The goal of this project is to investigate and develop numerical methods for excited state electronic structure analysis. Excited state calculations are usually performed after a ground state electronic structure analysis has been completed. They are important in a number of applications such as understanding the photovoltaic processes and designing energy efficient batteries. Compared to ground state calculations, the theory and algorithms for excited state calculations are less well developed from a mathematical point of view. The cost of existing computational methods is generally much higher. This project will investigate and develop numerical methods for the GW theory, as well as wavefunction methods such as the configuration interaction and the coupled cluster methods. For more information, contact Lin Lin and Chao Yang.

## 4. Mathematical and computational methods for data analysis in experimental sciences

Our group is actively involved in LBNL's CAMERA project, which is to develop and deploy new mathematical and high performance algorithms to solve the data analysis problems from the experimental facilities, such as Advanced Light Source, Molecular Foundary. The following are highlights of the projects.

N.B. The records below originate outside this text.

theory Submission
  imports Defs "HOL-Real_Asymp.Real_Asymp"
begin

text \<open>
  Let \<open>expected_Z k m s\<close> be the expected value of \<open>Z\<^sub>k\<close> after \<open>m\<close> further steps
  started in state \<open>s\<close>. It has a closed form: a vertex of degree \<open>d\<close> lying in \<open>a\<close> of
  the \<open>F\<close> faces is hit with probability \<open>a/F\<close>, after which both \<open>d\<close> and \<open>a\<close> grow
  by one, while \<open>F\<close> always grows by two. Evaluated along the process, \<open>expected_Z k (t - i)\<close>
  is therefore a Doob martingale from \<open>\<bbbE> Z\<^sub>k(t)\<close> to \<open>Z\<^sub>k(t)\<close>. A step changes the
  summands only at the three vertices of the chosen face, and each summand is a probability, so
  the new value lies within distance 3 of a point that does not depend on the chosen face. Every
  increment thus has conditional variance at most 9, whence \<open>Var Z\<^sub>k(t) \<le> 9t\<close>, and
  Chebyshev's inequality bounds the probability in question by \<open>9 / ln t\<close>.
\<close>

definition ran_wf :: "ran_state \<Rightarrow> bool" where
  "ran_wf s \<longleftrightarrow> finite (faces s) \<and> faces s \<noteq> {} \<and>
    (\<forall>g\<in>faces s. card g = 3 \<and> g \<subseteq> {..<nverts s}) \<and> (\<forall>e\<in>edges s. e \<subseteq> {..<nverts s})"

definition face_degree :: "ran_state \<Rightarrow> nat \<Rightarrow> nat" where
  "face_degree s v = card {g\<in>faces s. v \<in> g}"

definition split_faces :: "nat \<Rightarrow> nat set \<Rightarrow> nat set set" where
  "split_faces n f = (\<lambda>x. insert n (f - {x})) ` f"

lemma ran_wf_init: "ran_wf ran_init"
  by (auto simp: ran_wf_def ran_init_def)

lemma nverts_ran_insert [simp]: "nverts (ran_insert s f) = Suc (nverts s)"
  by (simp add: ran_insert_def)

lemma faces_ran_insert: "faces (ran_insert s f) = (faces s - {f}) \<union> split_faces (nverts s) f"
  by (auto simp: ran_insert_def split_faces_def)

lemma inj_on_split_face:
  assumes "n \<notin> f"
  shows "inj_on (\<lambda>x. insert n (f - {x})) f"
proof
  fix x y assume xy: "x \<in> f" "y \<in> f" and eq: "insert n (f - {x}) = insert n (f - {y})"
  show "x = y"
  proof (rule ccontr)
    assume "x \<noteq> y"
    then have "y \<in> insert n (f - {y})"
      using xy eq by blast
    then show False
      using assms xy by auto
  qed
qed

context
  fixes s :: ran_state and f :: "nat set"
  assumes wf: "ran_wf s" and f: "f \<in> faces s"
begin

private lemma card_face: "card f = 3"
  and face_below: "f \<subseteq> {..<nverts s}"
  and finite_faces: "finite (faces s)"
  using wf f by (auto simp: ran_wf_def)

*Next generation computing for X-ray science.*We develop new theory, computational methods, HPC code and user interface for computing X-ray scattering patterns with complex nanostructures for ALS and NGLS. Our High-performance glancing-incidence small-angle x-ray scattering (GISAXS) simulation code, HipGISAXS, has been tested on a Cray XE6 CPU cluster with over 140,000 CPU cores and on a Cray XK6 GPU cluster with over 900 GPU nodes. It is three- to four-orders of magnitude faster than the existing code, and allows simulations with multiple scatterings. This is joint work with the Advanced Light Source. Computational Research Divsion: Xiaoye Li (PI), Slim Chourou, Abhinav Sarje. Advanced Light Source: Elaine Chan, Alexander Hexemer.